- TASK TO COMPLETE:
For the entries below, print exactly the lines between the line holding "text \<open>P(K): Borel" and the line holding "sets borel \<and>", inclusive, and nothing else.
>>>>>
(* Let $\mathcal K\subset S^D_+$ be compact and $\mathcal P^\uparrow(\mathcal K)=\mathcal P^\uparrow(S^D_+)\cap\mathcal P(\mathcal K)$. The closed convex hull of $\mathcal P^\uparrow(\mathcal K)$ in $(\mathcal P(\mathcal K),d)$ is $\mathcal P(\mathcal K)$, and $\mathcal P^\uparrow(\mathcal K)$ is an extreme set in $\mathcal P(\mathcal K)$: every Borel probability measure $\eta$ on $\mathcal P(\mathcal K)$ with $\mathrm{Bar}(\eta)\in\mathcal P^\uparrow(\mathcal K)$ is concentrated on $\mathcal P^\uparrow(\mathcal K)$.
   Context: $S^D_+$: positive semidefinite symmetric $D\times D$ matrices with Frobenius norm. $\mathcal P(\mathcal K)$: Borel probability measures on $\mathcal K$ with $1$-Wasserstein distance $d$. A probability measure on $S^D_+$ is monotone if it is the law of $\mathsf q(U)$, $U$ uniform on $[0,1)$, for some $\mathsf q:[0,1)\to S^D_+$ with $\mathsf q(v)-\mathsf q(u)\in S^D_+$ whenever $u\le v$; $\mathcal P^\uparrow(S^D_+)$ is the set of such measures. For a Borel probability measure $\eta$ on $(\mathcal P(\mathcal K),d)$, $\mathrm{Bar}(\eta)\in\mathcal P(\mathcal K)$ is defined by $\mathrm{Bar}(\eta)(A)=\int\nu(A)\,\mathrm d\eta(\nu)$. *)

theory Defs
  imports "HOL-Probability.Probability"
begin

type_synonym 'n mat = "real ^ 'n ^ 'n"

text \<open>Positive semidefinite symmetric matrices (the cone S^D_+), D = CARD('n).
  The norm on real^'n^'n is the Frobenius norm.\<close>
definition psd :: "('n::finite) mat set" where
  "psd = {A. transpose A = A \<and> (\<forall>x. 0 \<le> x \<bullet> (A *v x))}"

definition loewner_le :: "('n::finite) mat \<Rightarrow> 'n mat \<Rightarrow> bool" where
  "loewner_le A B \<longleftrightarrow> B - A \<in> psd"

text \<open>P(K): Borel probability measures on the matrix space concentrated on K
  (identified with Borel probability measures on K).\<close>
definition Pm :: "('n::finite) mat set \<Rightarrow> ('n mat) measure set" where
  "Pm K = {M. sets M = sets borel \<and> prob_space M \<and> emeasure M K = 1}"

definition couplings :: "('n::finite) mat measure \<Rightarrow> 'n mat measure \<Rightarrow> ('n mat \<times> 'n mat) measure set" where
  "couplings \<mu> \<nu> = {\<pi>. sets \<pi> = sets (borel \<Otimes>\<^sub>M borel) \<and> prob_space \<pi> \<and>
      (\<forall>A\<in>sets borel. emeasure \<pi> (A \<times> UNIV) = emeasure \<mu> A \<and>
                      emeasure \<pi> (UNIV \<times> A) = emeasure \<nu> A)}"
<<<<<
- EXERCISE ANSWER:
text \<open>P(K): Borel probability measures on the matrix space concentrated on K
  (identified with Borel probability measures on K).\<close>
definition Pm :: "('n::finite) mat set \<Rightarrow> ('n mat) measure set" where
  "Pm K = {M. sets M = sets borel \<and> prob_space M \<and> emeasure M K = 1}"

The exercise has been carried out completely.